SOURCE MATERIAL START

text \<open>A bipartite graph with fixed partite sets A = {0..<m} and B = {0..<n} is
represented by its edge set E, a set of pairs (a, b) with a < m and b < n
(an edge joins vertex a of A to vertex b of B). Simplicity is automatic.\<close>

definition bip_graph :: "nat \<Rightarrow> nat \<Rightarrow> (nat \<times> nat) set \<Rightarrow> bool" where
  "bip_graph m n E \<longleftrightarrow> E \<subseteq> {..<m} \<times> {..<n}"

definition degA :: "(nat \<times> nat) set \<Rightarrow> nat \<Rightarrow> nat" where
  "degA E a = card {b. (a, b) \<in> E}"

definition degB :: "(nat \<times> nat) set \<Rightarrow> nat \<Rightarrow> nat" where
  "degB E b = card {a. (a, b) \<in> E}"

definition realizes :: "nat list \<Rightarrow> nat list \<Rightarrow> (nat \<times> nat) set \<Rightarrow> bool" where
  "realizes dA dB E \<longleftrightarrow> bip_graph (length dA) (length dB) E
     \<and> (\<forall>i < length dA. degA E i = dA ! i)
     \<and> (\<forall>j < length dB. degB E j = dB ! j)"

definition bip_degree_sequence :: "nat list \<Rightarrow> nat list \<Rightarrow> bool" where
  "bip_degree_sequence dA dB \<longleftrightarrow> sorted_wrt (\<ge>) dA \<and> sorted_wrt (\<ge>) dB
     \<and> (\<exists>E. realizes dA dB E)"

definition is_matching :: "(nat \<times> nat) set \<Rightarrow> (nat \<times> nat) set \<Rightarrow> bool" where
  "is_matching E M \<longleftrightarrow> M \<subseteq> E \<and> inj_on fst M \<and> inj_on snd M"

definition matching_number :: "(nat \<times> nat) set \<Rightarrow> nat" where
  "matching_number E = Max (card ` {M. is_matching E M})"

end

theory Submission
  imports Defs
begin

text \<open>Any two realizations of the same degree sequences are connected by a chain of switches,
  each replacing edges \<open>ab, a'b'\<close> by the non-edges \<open>ab', a'b\<close> (Ryser): make the realizations
  agree row by row, each switch reducing the difference in the current row. A switch lowers the
  matching number by at most one, since a maximum matching either contains both removed edges and
  can be switched along with the graph, or loses at most one edge. Hence along a chain of switches
  from a realization with matching number \<open>\<nu>\<^sub>m\<^sub>i\<^sub>n\<close> to one with \<open>\<nu>\<^sub>m\<^sub>a\<^sub>x\<close> every intermediate value occurs.\<close>

definition row :: "(nat \<times> nat) set \<Rightarrow> nat \<Rightarrow> nat set" where
  "row E a = {b. (a, b) \<in> E}"

definition col :: "(nat \<times> nat) set \<Rightarrow> nat \<Rightarrow> nat set" where
  "col E b = {a. (a, b) \<in> E}"

lemma degA_eq_card_row: "degA E a = card (row E a)"
  by (simp add: degA_def row_def)

lemma degB_eq_card_col: "degB E b = card (col E b)"
  by (simp add: degB_def col_def)

lemma finite_row: "finite E \<Longrightarrow> finite (row E a)"
  by (rule finite_subset[of _ "snd ` E"]) (force simp: row_def)+

lemma finite_col: "finite E \<Longrightarrow> finite (col E b)"
  by (rule finite_subset[of _ "fst ` E"]) (force simp: col_def)+

lemma realizes_finite: "realizes dA dB E \<Longrightarrow> finite E"
  unfolding realizes_def bip_graph_def by (metis finite_SigmaI finite_lessThan finite_subset)

lemma realizes_eqI:
  assumes "realizes dA dB E" and "realizes dA dB E'" and "\<forall>a < length dA. row E a = row E' a"
  shows "E = E'"
  using assms unfolding realizes_def bip_graph_def row_def by blast

definition switch :: "(nat \<times> nat) set \<Rightarrow> (nat \<times> nat) set \<Rightarrow> bool" where
  "switch E E' \<longleftrightarrow> (\<exists>a b a' b'. (a, b) \<in> E \<and> (a', b') \<in> E \<and> (a, b') \<notin> E \<and> (a', b) \<notin> E
     \<and> E' = E - {(a, b), (a', b')} \<union> {(a, b'), (a', b)})"

lemma symp_switch: "symp switch"
proof (rule sympI)
  fix E E' assume "switch E E'"
  then obtain a b a' b' where E: "(a, b) \<in> E" "(a', b') \<in> E" "(a, b') \<notin> E" "(a', b) \<notin> E"
    and E': "E' = E - {(a, b), (a', b')} \<union> {(a, b'), (a', b)}"
    unfolding switch_def by blast
  have "(a, b') \<in> E'" "(a', b) \<in> E'" "(a, b) \<notin> E'" "(a', b') \<notin> E'"
    and "E = E' - {(a, b'), (a', b)} \<union> {(a, b), (a', b')}"
    using E E' by auto
  then show "switch E' E"
    unfolding switch_def by blast
qed

lemma card_insert_Diff_swap: "finite S \<Longrightarrow> x \<in> S \<Longrightarrow> y \<notin> S \<Longrightarrow> card (insert y (S - {x})) = card S"
  by (metis DiffD1 card_Suc_Diff1 card_insert_disjoint finite_Diff)

lemma realizes_switch:
  assumes "realizes dA dB E" and "switch E E'"
  shows "realizes dA dB E'"
proof -
  obtain a b a' b' where E: "(a, b) \<in> E" "(a', b') \<in> E" "(a, b') \<notin> E" "(a', b) \<notin> E"
    and E': "E' = E - {(a, b), (a', b')} \<union> {(a, b'), (a', b)}"
    using assms(2) unfolding switch_def by blast
  have fin: "finite E" using assms(1) by (rule realizes_finite)
  have "a \<noteq> a'" "b \<noteq> b'" using E by auto
  have "card (row E' x) = card (row E x)" for x
  proof -
    have "row E' a = insert b' (row E a - {b})" "row E' a' = insert b (row E a' - {b'})"
      and "x \<noteq> a \<Longrightarrow> x \<noteq> a' \<Longrightarrow> row E' x = row E x"
      using E E' \<open>a \<noteq> a'\<close> by (auto simp: row_def)
    moreover have "b \<in> row E a" "b' \<notin> row E a" "b' \<in> row E a'" "b \<notin> row E a'"
      using E by (auto simp: row_def)
    ultimately show ?thesis
      using card_insert_Diff_swap[OF finite_row[OF fin]] by metis
  qed
  moreover have "card (col E' y) = card (col E y)" for y
  proof -
    have "col E' b = insert a' (col E b - {a})" "col E' b' = insert a (col E b' - {a'})"
      and "y \<noteq> b \<Longrightarrow> y \<noteq> b' \<Longrightarrow> col E' y = col E y"
      using E E' \<open>b \<noteq> b'\<close> by (auto simp: col_def)
    moreover have "a \<in> col E b" "a' \<notin> col E b" "a' \<in> col E b'" "a \<notin> col E b'"
      using E by (auto simp: col_def)
    ultimately show ?thesis
      using card_insert_Diff_swap[OF finite_col[OF fin]] by metis
  qed
  moreover have "bip_graph (length dA) (length dB) E'"
    using assms(1) E E' unfolding realizes_def bip_graph_def by auto
  ultimately show ?thesis
    using assms(1) unfolding realizes_def degA_eq_card_row degB_eq_card_col by simp
qed

lemma realizes_rtranclp_switch: "switch\<^sup>*\<^sup>* E E' \<Longrightarrow> realizes dA dB E \<Longrightarrow> realizes dA dB E'"
  by (induction rule: rtranclp_induct) (auto intro: realizes_switch)

lemma realizes_card_row_eq:
  assumes "realizes dA dB E1" and "realizes dA dB E2"
  shows "card (row E1 a) = card (row E2 a)"
proof (cases "a < length dA")
  case True
  then show ?thesis using assms by (simp add: realizes_def degA_eq_card_row)
next
  case False
  then have "row E1 a = {}" "row E2 a = {}"
    using assms by (auto simp: realizes_def bip_graph_def row_def)
  then show ?thesis by simp
qed

lemma realizes_card_col_eq:
  assumes "realizes dA dB E1" and "realizes dA dB E2"
  shows "card (col E1 b) = card (col E2 b)"
proof (cases "b < length dB")
  case True
  then show ?thesis using assms by (simp add: realizes_def degB_eq_card_col)
next
  case False
  then have "col E1 b = {}" "col E2 b = {}"
    using assms by (auto simp: realizes_def bip_graph_def col_def)
  then show ?thesis by simp
qed

lemma realizes_card_col_Diff_eq:
  assumes "realizes dA dB E1" and "realizes dA dB E2" and "\<forall>x<k. row E1 x = row E2 x"
  shows "card (col E1 b - {..<k}) = card (col E2 b - {..<k})"
proof -
  have "col E1 b \<inter> {..<k} = col E2 b \<inter> {..<k}"
    using assms(3) by (auto simp: row_def col_def)
  then show ?thesis
    using realizes_card_col_eq[OF assms(1,2)] by (simp add: card_Diff_subset_Int)
qed

text \<open>Let \<open>c\<^sub>i y\<close> count the edges of \<open>E\<^sub>i\<close> from rows \<open>\<ge> k\<close> into column \<open>y\<close>; then \<open>c\<^sub>1 = c\<^sub>2\<close>,
  since rows below \<open>k\<close> agree. Without a suitable row \<open>a' > k\<close> we would get
  \<open>c\<^sub>2 b < c\<^sub>2 b' = c\<^sub>1 b' < c\<^sub>1 b = c\<^sub>2 b\<close>.\<close>

lemma switch_partner_exists:
  assumes r1: "realizes dA dB E1" and r2: "realizes dA dB E2" and agree: "\<forall>x<k. row E1 x = row E2 x"
    and b: "(k, b) \<in> E1" "(k, b) \<notin> E2" and b': "(k, b') \<in> E2" "(k, b') \<notin> E1"
  shows "(\<exists>a' > k. (a', b) \<in> E2 \<and> (a', b') \<notin> E2) \<or> (\<exists>a' > k. (a', b') \<in> E1 \<and> (a', b) \<notin> E1)"
proof (rule ccontr)
  assume "\<not> ?thesis"
  then have "col E2 b - {..<k} \<subseteq> col E2 b' - {..<k} - {k}" "col E1 b' - {..<k} \<subseteq> col E1 b - {..<k} - {k}"
    using b b' by (auto simp: col_def not_less_iff_gr_or_eq)
  moreover have "k \<in> col E2 b' - {..<k}" "k \<in> col E1 b - {..<k}"
    using b b' by (auto simp: col_def)
  moreover have "finite (col E1 b' - {..<k})" "finite (col E2 b' - {..<k})" "finite (col E1 b - {..<k})"
    using finite_col realizes_finite r1 r2 by blast+
  ultimately have "card (col E2 b - {..<k}) < card (col E2 b' - {..<k})"
    and "card (col E1 b' - {..<k}) < card (col E1 b - {..<k})"
    by (meson card_Diff1_less card_mono finite_Diff order_le_less_trans)+
  then show False
    using realizes_card_col_Diff_eq[OF r1 r2 agree] by (metis less_asym)
qed

lemma switch_moves_row_towards:
  assumes "finite E" and "finite T" and "k < a'"
    and "(k, b') \<in> E" "(k, b) \<notin> E" "(a', b) \<in> E" "(a', b') \<notin> E" and "b \<in> T" "b' \<notin> T"
  shows "\<exists>E'. switch E E' \<and> (\<forall>x<k. row E' x = row E x)
           \<and> card (T - row E' k) < card (T - row E k) \<and> card (row E' k - T) < card (row E k - T)"
proof -
  let ?E' = "E - {(k, b'), (a', b)} \<union> {(k, b), (a', b')}"
  have "switch E ?E'"
    unfolding switch_def using assms(4-7) by blast
  moreover have "\<forall>x<k. row ?E' x = row E x"
    using \<open>k < a'\<close> by (auto simp: row_def)
  moreover have "row ?E' k = insert b (row E k - {b'})"
    using \<open>k < a'\<close> by (auto simp: row_def)
  then have "T - row ?E' k = (T - row E k) - {b}" "row ?E' k - T = (row E k - T) - {b'}"
    using assms(8,9) by auto
  moreover have "b \<in> T - row E k" "b' \<in> row E k - T"
    using assms(4,5,8,9) by (auto simp: row_def)
  ultimately show ?thesis
    using assms(1,2) finite_row by (metis card_Diff1_less finite_Diff)
qed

SOURCE MATERIAL END

# WORK TO COMPLETE
Repeat the material exactly. Begin with its first line and end with the line that has "nat \<Rightarrow> (nat".

# ANSWER TO THE EXERCISE
text \<open>A bipartite graph with fixed partite sets A = {0..<m} and B = {0..<n} is
represented by its edge set E, a set of pairs (a, b) with a < m and b < n
(an edge joins vertex a of A to vertex b of B). Simplicity is automatic.\<close>

definition bip_graph :: "nat \<Rightarrow> nat \<Rightarrow> (nat \<times> nat) set \<Rightarrow> bool" where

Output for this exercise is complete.